Richard 16 Feb 12, 2009 05:15 PM

I love uni and I get it when I can. There are, however, a lot of different types and places of harvesting (Japan, S. Cal., Maine). Will someone here please post a primer?

  1. a
    aea6574 Feb 16, 2009 06:39 PM

    Sorry, I do not more, but would like too.

    Also, why is uni stored in wood?

    Best regards, tony

    2 Replies
    1. re: aea6574
      Richard 16 Feb 17, 2009 06:19 AM

      I spoke with ISF Trading Co. out of Maine (Sea Urchin ISF, Maine), and they said:

      1) Wood boxes generally are used by restaurants, and supermarkets the plastic.
      2) The wood boxes have a higher grade uni.

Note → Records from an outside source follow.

lemma miner_coalition_no_gain:
  assumes len: "length bs' = length vs" and nv: "nonneg vs" and nb: "nonneg bs"
    and h: "honest_inclusion (player_txs vs vs [] @ others_txs bs) I"
    and vc: "valid_confirm (player_txs vs vs [] @ others_txs bs) I cf"
    and I': "I' \<subseteq> {..<length (player_txs vs bs' fs @ others_txs bs)}"
    and vc': "valid_confirm (player_txs vs bs' fs @ others_txs bs) I' cf'"
  shows "weak_utility True (player_txs vs bs' fs @ others_txs bs) I' cf'
         \<le> weak_utility True (player_txs vs vs [] @ others_txs bs) I cf"
proof -
  define H where "H = player_txs vs vs [] @ others_txs bs"
  define D where "D = player_txs vs bs' fs @ others_txs bs"
  have tr: "truthful_nonneg H" unfolding H_def using nv nb by (rule truthful_player_others)
  let ?UH = "weak_utility True H I cf" and ?UD = "weak_utility True D I' cf'"
  have UH_nonneg: "0 \<le> ?UH" using honest_utility_nonneg[OF h[folded H_def] vc[folded H_def] tr] .
  from miner_coalition_utility_le[OF I'[folded D_def] vc'[folded D_def]]
  consider (nonpos) "?UD \<le> 0"
    | (player_value) b w where "(b, Some w) \<in> set D" "?UD \<le> w"
    | (outbid) j k where "j < length D" "k < length D" "j \<noteq> k" "snd (D ! j) = None"
        "snd (D ! k) = None" "?UD \<le> fst (D ! k)" "fst (D ! k) \<le> fst (D ! j)"
    by blast
  then have "?UD \<le> ?UH"
  proof cases
    case nonpos
    then show ?thesis using UH_nonneg by simp
  next
    case player_value
    have "w \<le> ?UH"
    proof (cases "w = 0")
      case False
      then have "(w, Some w) \<in> set H"
        using player_others_value player_value(1) truthful_player_value unfolding D_def H_def by metis
      then show ?thesis using honest_miner_utility_ge_value[OF h[folded H_def] vc[folded H_def] tr] by blast
    qed (use UH_nonneg in simp)
    then show ?thesis using player_value(2) by simp
  next
    case outbid
    obtain tj where tj: "tj < length bs" "j = length vs + length fs + tj"
      using player_others_other_index[OF len] outbid(1,4) unfolding D_def by blast
    obtain tk where tk: "tk < length bs" "k = length vs + length fs + tk"
      using player_others_other_index[OF len] outbid(2,5) unfolding D_def by blast
    have D_nth: "D ! j = (bs ! tj, None)" "D ! k = (bs ! tk, None)"
      unfolding D_def using nth_player_others_other[OF len] tj tk by simp_all
    have H_nth: "H ! (length vs + tj) = (bs ! tj, None)" "H ! (length vs + tk) = (bs ! tk, None)"
      unfolding H_def using nth_player_others_other[of vs vs _ bs "[]"] tj tk by simp_all
    have "bs ! tk \<le> ?UH"
      using honest_miner_utility_ge_outbid[OF h[folded H_def] vc[folded H_def] tr,
          of "length vs + tj" "length vs + tk"]
        H_nth D_nth outbid(3,7) tj tk length_player_others[of vs vs "[]" bs]
      unfolding H_def by simp
    then show ?thesis using outbid(6) D_nth by simp
  qed
  then show ?thesis unfolding H_def D_def .
qed

lemma weak_SCP_holds: "weak_SCP c B"
  unfolding weak_SCP_def valid_inclusion_def by (blast intro: miner_coalition_no_gain)

lemma weak_MIC_holds: "weak_MIC B"
proof -
  have "player_txs [] [] [] @ others_txs bs = others_txs bs" for bs
    unfolding player_txs_def by simp
  then show ?thesis
    unfolding weak_MIC_def valid_inclusion_def
    using miner_coalition_no_gain[of "[]" "[]"] by (simp add: nonneg_def)
qed
lemma stationary_pure_sum:
  assumes f: "stationary A f" and "finite (A s)" and "a \<in> A s" and "f s a = 1"
  shows "(\<Sum>b\<in>A s. f s b * h b) = h a"
proof -
  have "(\<Sum>b\<in>A s. f s b) = f s a + (\<Sum>b\<in>A s - {a}. f s b)"
    by (rule sum.remove) fact+
  then have "(\<Sum>b\<in>A s - {a}. f s b) = 0"
    using f \<open>f s a = 1\<close> unfolding stationary_def by simp
  then have "\<forall>b\<in>A s - {a}. f s b = 0"
    using f \<open>finite (A s)\<close> sum_nonneg_eq_0_iff[of "A s - {a}" "f s"]
    unfolding stationary_def by blast
  moreover have "(\<Sum>b\<in>A s. f s b * h b) = f s a * h a + (\<Sum>b\<in>A s - {a}. f s b * h b)"
    by (rule sum.remove) fact+
  ultimately show ?thesis
    using \<open>f s a = 1\<close> by simp
qed

lemma stationary_pure_update:
  assumes "stationary A f" and "finite (A s)" and "a \<in> A s"
  shows "stationary A (f(s := (\<lambda>b. if b = a then 1 else 0)))"
  using assms unfolding stationary_def by auto

lemma ctsg_swap:
  "ctsg A2 A1 (\<lambda>s' s b a. mu s' s a b) = ctsg A1 A2 mu"
  unfolding ctsg_def by (intro iffI; elim conjE; intro conjI allI impI; simp)

lemma mu_norm_swap:
  "mu_norm A2 A1 (\<lambda>s' s b a. mu s' s a b) = mu_norm A1 A2 mu"
  unfolding mu_norm_def by (rule arg_cong[where f = Max]) auto

lemma genQ_swap:
  "genQ A2 A1 (\<lambda>s' s b a. mu s' s a b) g f = genQ A1 A2 mu f g"
proof -
  have "(\<Sum>a2\<in>A2 s. \<Sum>a1\<in>A1 s. g s a2 * f s a1 * mu s' s a1 a2)
      = (\<Sum>a1\<in>A1 s. \<Sum>a2\<in>A2 s. f s a1 * g s a2 * mu s' s a1 a2)" for s s'
    by (subst sum.swap) (simp add: mult_ac)
  then show ?thesis
    unfolding genQ_def vec_eq_iff by simp
qed

lemma rew_swap:
  "rew A2 A1 (\<lambda>s b a. r s a b) g f = rew A1 A2 r f g"
proof -
  have "(\<Sum>a2\<in>A2 s. \<Sum>a1\<in>A1 s. g s a2 * f s a1 * r s a1 a2)
      = (\<Sum>a1\<in>A1 s. \<Sum>a2\<in>A2 s. f s a1 * g s a2 * r s a1 a2)" for s
    by (subst sum.swap) (simp add: mult_ac)
  then show ?thesis
    unfolding rew_def vec_eq_iff by simp
qed

lemma disc_payoff_swap:
  "disc_payoff A2 A1 (\<lambda>s' s b a. mu s' s a b) (\<lambda>s b a. r s a b) \<alpha> g f = disc_payoff A1 A2 mu r \<alpha> f g"
  unfolding disc_payoff_def genQ_swap[of A2 A1 mu] rew_swap[of A2 A1 r] ..

definition best_response :: "('s::finite \<Rightarrow> 'a1 set) \<Rightarrow> ('s \<Rightarrow> 'a2 set)
   \<Rightarrow> ('s \<Rightarrow> 's \<Rightarrow> 'a1 \<Rightarrow> 'a2 \<Rightarrow> real) \<Rightarrow> ('s \<Rightarrow> 'a1 \<Rightarrow> 'a2 \<Rightarrow> real) \<Rightarrow> real
   \<Rightarrow> ('s \<Rightarrow> 'a1 \<Rightarrow> real) \<Rightarrow> ('s \<Rightarrow> 'a2 \<Rightarrow> real) \<Rightarrow> bool" where
  "best_response A1 A2 mu r \<alpha> fs gs \<longleftrightarrow>
     (\<forall>f s. stationary A1 f \<longrightarrow>
        disc_payoff A1 A2 mu r \<alpha> f gs $ s \<le> disc_payoff A1 A2 mu r \<alpha> fs gs $ s)"
lemma frac_le_mult_cancel:
  assumes "x \<in> carrier G" "g \<in> carrier G" "h \<in> carrier G"
  shows "x \<otimes>\<^bsub>G\<^esub> g \<preceq> x \<otimes>\<^bsub>G\<^esub> h \<longleftrightarrow> g \<preceq> h"
  using assms unfolding frac_le_def by (auto simp: G.m_assoc)

text \<open>Any two elements of the group have a common denominator; this uses the common right
  multiples provided by the suffix lattice.\<close>

lemma common_denominator:
  assumes g: "g \<in> carrier G" and h: "h \<in> carrier G"
  shows "\<exists>c\<in>carrier G. \<exists>p\<in>carrier M. \<exists>q\<in>carrier M. g = c \<otimes>\<^bsub>G\<^esub> \<phi> p \<and> h = c \<otimes>\<^bsub>G\<^esub> \<phi> q"
proof -
  obtain a b a' b' where ab: "a \<in> carrier M" "b \<in> carrier M" "a' \<in> carrier M" "b' \<in> carrier M"
    and g_eq: "g = inv\<^bsub>G\<^esub> (\<phi> a) \<otimes>\<^bsub>G\<^esub> \<phi> b" and h_eq: "h = inv\<^bsub>G\<^esub> (\<phi> a') \<otimes>\<^bsub>G\<^esub> \<phi> b'"
    using \<phi>_fraction[OF g] \<phi>_fraction[OF h] by blast
  obtain j where j: "j \<in> carrier M" "right_div M a j" "right_div M a' j"
    using conjunct1[OF suffix_lattice[unfolded is_lattice_order_def, rule_format, OF ab(1,3)]] by blast
  have expand: "inv\<^bsub>G\<^esub> (\<phi> x) \<otimes>\<^bsub>G\<^esub> \<phi> y = inv\<^bsub>G\<^esub> (\<phi> j) \<otimes>\<^bsub>G\<^esub> \<phi> (u \<otimes>\<^bsub>M\<^esub> y)"
    if "x \<in> carrier M" "y \<in> carrier M" "u \<in> carrier M" "j = u \<otimes>\<^bsub>M\<^esub> x" for x y u
    using that by (simp add: \<phi>_mult G.inv_mult_group G.m_assoc[symmetric]) (simp add: G.m_assoc)
  obtain u u' where "u \<in> carrier M" "u' \<in> carrier M" "j = u \<otimes>\<^bsub>M\<^esub> a" "j = u' \<otimes>\<^bsub>M\<^esub> a'"
    using j by (auto simp: right_div_def)
  then show ?thesis
    using expand ab g_eq h_eq j(1) by (intro bexI[of _ "inv\<^bsub>G\<^esub> (\<phi> j)"]) auto
qed

text \<open>Hence the group is a lattice for \<preceq>: a common denominator reduces joins to the
  prefix lattice of the monoid.\<close>

lemma join_exists:
  assumes g: "g \<in> carrier G" and h: "h \<in> carrier G"
  shows "\<exists>j\<in>carrier G. g \<preceq> j \<and> h \<preceq> j \<and> (\<forall>v\<in>carrier G. g \<preceq> v \<longrightarrow> h \<preceq> v \<longrightarrow> j \<preceq> v)"
proof -
  obtain c p q where c: "c \<in> carrier G" and pq: "p \<in> carrier M" "q \<in> carrier M"
    and g_eq: "g = c \<otimes>\<^bsub>G\<^esub> \<phi> p" and h_eq: "h = c \<otimes>\<^bsub>G\<^esub> \<phi> q"
    using common_denominator[OF g h] by blast
  obtain l where l: "l \<in> carrier M" "left_div M p l" "left_div M q l"
    and l_least: "\<And>w. w \<in> carrier M \<Longrightarrow> left_div M p w \<Longrightarrow> left_div M q w \<Longrightarrow> left_div M l w"
    using conjunct1[OF prefix_lattice[unfolded is_lattice_order_def, rule_format, OF pq]] by blast
  have below: "\<phi> x \<preceq> \<phi> w" if "x \<in> carrier M" "left_div M x w" for x w
    using that by (auto simp: frac_le_def left_div_def \<phi>_mult)
  have least: "\<phi> l \<preceq> w" if w: "w \<in> carrier G" "\<phi> p \<preceq> w" "\<phi> q \<preceq> w" for w
  proof -
    obtain r r' where r: "r \<in> carrier M" "r' \<in> carrier M"
      and w_eq: "w = \<phi> (p \<otimes>\<^bsub>M\<^esub> r)" "w = \<phi> (q \<otimes>\<^bsub>M\<^esub> r')"
      using w(2,3) pq by (auto simp: frac_le_def \<phi>_mult)
    then have eq: "p \<otimes>\<^bsub>M\<^esub> r = q \<otimes>\<^bsub>M\<^esub> r'" using pq by (intro inj_onD[OF \<phi>_inj]) auto
    have "left_div M p (p \<otimes>\<^bsub>M\<^esub> r)" using r(1) unfolding left_div_def by blast
    moreover have "left_div M q (p \<otimes>\<^bsub>M\<^esub> r)" using r(2) eq unfolding left_div_def by blast
    ultimately have "left_div M l (p \<otimes>\<^bsub>M\<^esub> r)" using l_least[OF M.m_closed[OF pq(1) r(1)]] by blast
    then show ?thesis using w_eq(1) below l(1) by blast
  qed
  have "\<phi> p \<preceq> \<phi> l" "\<phi> q \<preceq> \<phi> l" using below pq l by auto
  then have upper: "g \<preceq> c \<otimes>\<^bsub>G\<^esub> \<phi> l" "h \<preceq> c \<otimes>\<^bsub>G\<^esub> \<phi> l"
    unfolding g_eq h_eq using frac_le_mult_cancel c pq l(1) by simp_all
  have least_upper: "\<forall>v\<in>carrier G. g \<preceq> v \<longrightarrow> h \<preceq> v \<longrightarrow> c \<otimes>\<^bsub>G\<^esub> \<phi> l \<preceq> v"
  proof (intro ballI impI)
    fix v assume v: "v \<in> carrier G" "g \<preceq> v" "h \<preceq> v"
    define w where "w = inv\<^bsub>G\<^esub> c \<otimes>\<^bsub>G\<^esub> v"
    have w: "w \<in> carrier G" and v_eq: "v = c \<otimes>\<^bsub>G\<^esub> w"
      using c v(1) by (simp_all add: w_def G.m_assoc[symmetric])
    have "\<phi> p \<preceq> w" using v(2) frac_le_mult_cancel[OF c \<phi>_closed[OF pq(1)] w] g_eq v_eq by simp
    moreover have "\<phi> q \<preceq> w" using v(3) frac_le_mult_cancel[OF c \<phi>_closed[OF pq(2)] w] h_eq v_eq by simp
    ultimately have "\<phi> l \<preceq> w" using least w by blast
    then show "c \<otimes>\<^bsub>G\<^esub> \<phi> l \<preceq> v" using frac_le_mult_cancel[OF c \<phi>_closed[OF l(1)] w] v_eq by simp
  qed
  show ?thesis
  proof (rule bexI[of _ "c \<otimes>\<^bsub>G\<^esub> \<phi> l"])
    show "c \<otimes>\<^bsub>G\<^esub> \<phi> l \<in> carrier G" using c l(1) by simp
  qed (intro conjI upper least_upper)
qed

definition is_lub :: "'b set \<Rightarrow> 'b \<Rightarrow> bool" where
  "is_lub A u \<longleftrightarrow> u \<in> carrier G \<and> (\<forall>s\<in>A. s \<preceq> u) \<and> (\<forall>v\<in>carrier G. (\<forall>s\<in>A. s \<preceq> v) \<longrightarrow> u \<preceq> v)"

lemma finite_lub_exists:
  "finite A \<Longrightarrow> A \<noteq> {} \<Longrightarrow> A \<subseteq> carrier G \<Longrightarrow> \<exists>u. is_lub A u"
proof (induction A rule: finite_ne_induct)
  case (singleton x)
  then show ?case using frac_le_refl by (auto simp: is_lub_def)
next
  case (insert x F)
  then obtain u where u: "is_lub F u" by auto
  have x: "x \<in> carrier G" using insert.prems by simp
  have uc: "u \<in> carrier G" using u by (simp add: is_lub_def)
  obtain j where j: "j \<in> carrier G" "x \<preceq> j" "u \<preceq> j"
    and j_least: "\<And>v. v \<in> carrier G \<Longrightarrow> x \<preceq> v \<Longrightarrow> u \<preceq> v \<Longrightarrow> j \<preceq> v"
    using join_exists[OF x uc] by blast
  have "is_lub (insert x F) j"
    unfolding is_lub_def
  proof (intro conjI ballI impI)
    fix s assume s: "s \<in> insert x F"
    show "s \<preceq> j"
    proof (cases "s = x")
      case False
      then have "s \<in> F" "s \<in> carrier G" using s insert.prems by auto
      then show ?thesis using frac_le_trans u j(3) by (auto simp: is_lub_def)
    qed (use j(2) in simp)
  next
    fix v assume "v \<in> carrier G" "\<forall>s\<in>insert x F. s \<preceq> v"
    then show "j \<preceq> v" using j_least u by (simp add: is_lub_def)
  qed (rule j(1))
  then show ?case by blast
qed

lemma is_lub_unique: "is_lub A u \<Longrightarrow> is_lub A u' \<Longrightarrow> u = u'"
  unfolding is_lub_def using frac_le_antisym by blast

lemma is_lub_mult:
  assumes u: "is_lub A u" and A: "A \<subseteq> carrier G" and x: "x \<in> carrier G"
  shows "is_lub ((\<lambda>t. x \<otimes>\<^bsub>G\<^esub> t) ` A) (x \<otimes>\<^bsub>G\<^esub> u)"
proof -
  have "v = x \<otimes>\<^bsub>G\<^esub> (inv\<^bsub>G\<^esub> x \<otimes>\<^bsub>G\<^esub> v)" if "v \<in> carrier G" for v
    using that x by (simp add: G.m_assoc[symmetric])
  then show ?thesis
    using u A x frac_le_mult_cancel unfolding is_lub_def
    by (auto simp: subset_iff) (metis G.m_closed G.inv_closed)
qed

text \<open>Torsion-freeness: if x^n = 1, left multiplication by x permutes the finite set of
  powers of x, hence fixes its least upper bound u, so x u = u and x = 1.\<close>

lemma torsion_free: "torsion_free G"
  unfolding torsion_free_def
proof (intro ballI allI impI, elim conjE)
  fix x and n :: nat assume x: "x \<in> carrier G" and n: "0 < n" and xn: "x [^]\<^bsub>G\<^esub> n = \<one>\<^bsub>G\<^esub>"
  define A where "A = (\<lambda>i. x [^]\<^bsub>G\<^esub> i) ` {..<n}"
  have A: "finite A" "A \<noteq> {}" "A \<subseteq> carrier G" using n x by (auto simp: A_def)
  have "x \<otimes>\<^bsub>G\<^esub> x [^]\<^bsub>G\<^esub> i \<in> A" if "i < n" for i
  proof -
    have step: "x \<otimes>\<^bsub>G\<^esub> x [^]\<^bsub>G\<^esub> i = x [^]\<^bsub>G\<^esub> Suc i" by (rule sym[OF G.nat_pow_Suc2[OF x]])
    show ?thesis
    proof (cases "Suc i < n")
      case True
      then show ?thesis unfolding step A_def by blast
    next
      case False
      then have "Suc i = n" using that by simp
      then have "x [^]\<^bsub>G\<^esub> Suc i = x [^]\<^bsub>G\<^esub> (0::nat)" using xn by simp
      then show ?thesis unfolding step A_def using n by blast
    qed
  qed
  then have "(\<lambda>t. x \<otimes>\<^bsub>G\<^esub> t) ` A \<subseteq> A" by (auto simp: A_def)
  moreover have "inj_on (\<lambda>t. x \<otimes>\<^bsub>G\<^esub> t) A" using G.inj_on_cmult[OF x] A(3) by (rule inj_on_subset)
  ultimately have perm: "(\<lambda>t. x \<otimes>\<^bsub>G\<^esub> t) ` A = A" using endo_inj_surj[OF A(1)] by blast
  obtain u where u: "is_lub A u" using finite_lub_exists[OF A] by blast
  then have "x \<otimes>\<^bsub>G\<^esub> u = u" using is_lub_mult[OF u A(3) x] perm is_lub_unique by metis
  then show "x = \<one>\<^bsub>G\<^esub>" using u x by (simp add: is_lub_def G.r_cancel_one)
qed

end
lemma coeff_c_bound:
  assumes "0 < t" "t \<le> T"
  shows "\<bar>c n t\<bar> \<le> iter_const T n * t powr (real n * \<beta>)"
proof -
  have "norm (c n t) \<le> 1 * 1 ^ n * iter_const T n * t powr (real n * \<beta>)"
    by (rule iterated_volterra_bound)
      (use assms in \<open>auto simp del: coeff_c.simps(2) simp add: coeff_c_Suc_k0\<close>)
  then show ?thesis by simp
qed

lemma coeff_c_term_bound:
  assumes "t \<le> T" "T > 0"
  shows "norm (complex_of_real (c n t) * \<mu> ^ n) \<le> iter_const T n * (T powr \<beta> * norm \<mu>) ^ n"
proof -
  have "\<bar>c n t\<bar> \<le> iter_const T n * (T powr \<beta>) ^ n"
  proof (cases "t > 0")
    case True
    then have "\<bar>c n t\<bar> \<le> iter_const T n * t powr (real n * \<beta>)"
      using coeff_c_bound assms by blast
    also have "\<dots> \<le> iter_const T n * T powr (real n * \<beta>)"
      using True assms exponents iter_const_pos[of T n] by (intro mult_left_mono powr_mono2) auto
    finally show ?thesis using assms by (simp add: powr_power)
  next
    case False
    then show ?thesis using iter_const_pos[of T n] by (cases n) auto
  qed
  then have "\<bar>c n t\<bar> * norm \<mu> ^ n \<le> iter_const T n * (T powr \<beta>) ^ n * norm \<mu> ^ n"
    by (rule mult_right_mono) simp
  then show ?thesis by (simp add: norm_mult norm_power power_mult_distrib mult_ac)
qed

definition Phi :: "real \<Rightarrow> complex \<Rightarrow> complex" where
  "Phi t \<mu> = (\<Sum>n. complex_of_real (c n t) * \<mu> ^ n)"

lemma summable_coeff_c_power: "summable (\<lambda>n. complex_of_real (c n t) * \<mu> ^ n)"
  by (rule summable_comparison_test'[OF summable_iter_const_power coeff_c_term_bound[of t "max t 1"]])
    auto

lemma Phi_sums: "(\<lambda>n. complex_of_real (c n t) * \<mu> ^ n) sums Phi t \<mu>"
  unfolding Phi_def using summable_coeff_c_power by (rule summable_sums)

lemma Phi_bound:
  assumes "t \<le> T" "T > 0"
  shows "norm (Phi t \<mu>) \<le> (\<Sum>n. iter_const T n * (T powr \<beta> * norm \<mu>) ^ n)"
  unfolding Phi_def
  by (rule norm_suminf_le[OF coeff_c_term_bound[OF assms] summable_iter_const_power]) simp

lemma Phi_holomorphic: "Phi t holomorphic_on UNIV"
proof -
  have "(Phi t has_field_derivative (\<Sum>n. diffs (\<lambda>n. complex_of_real (c n t)) n * \<mu> ^ n)) (at \<mu>)" for \<mu>
    unfolding Phi_def[abs_def]
    by (rule termdiffs_strong_converges_everywhere) (rule summable_coeff_c_power)
  then show ?thesis
    unfolding holomorphic_on_def field_differentiable_def by blast
qed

      Why the latter is so I don't know - yet. Tradition? Humidity control? Taste? (Does wood - and more specifically the type of wood - affect the taste?) Appearance?

      1. re: Richard 16
        Richard 16 Feb 17, 2009 07:47 AM

        Catalina, a supplier out of S. Cal wrote:

        "For shipping so the uni will not move in transit"

    2. Insidious Rex Feb 13, 2009 10:01 AM

      Richard, they touched on it in the Sushi Man thread: http://chowhound.chow.com/topics/574740. Hope that helps.

      1 Reply
      1. re: Insidious Rex
        Richard 16 Feb 16, 2009 12:29 PM

        Thanks, IR!

        There were only two posts that I could find in that thread, and one of them was mine.....

        However I am looking for more details. I have some from "A Connoisseur's Guide to Sushi", but I am looking for comments from ya'll. Differences in taste, texture, etc.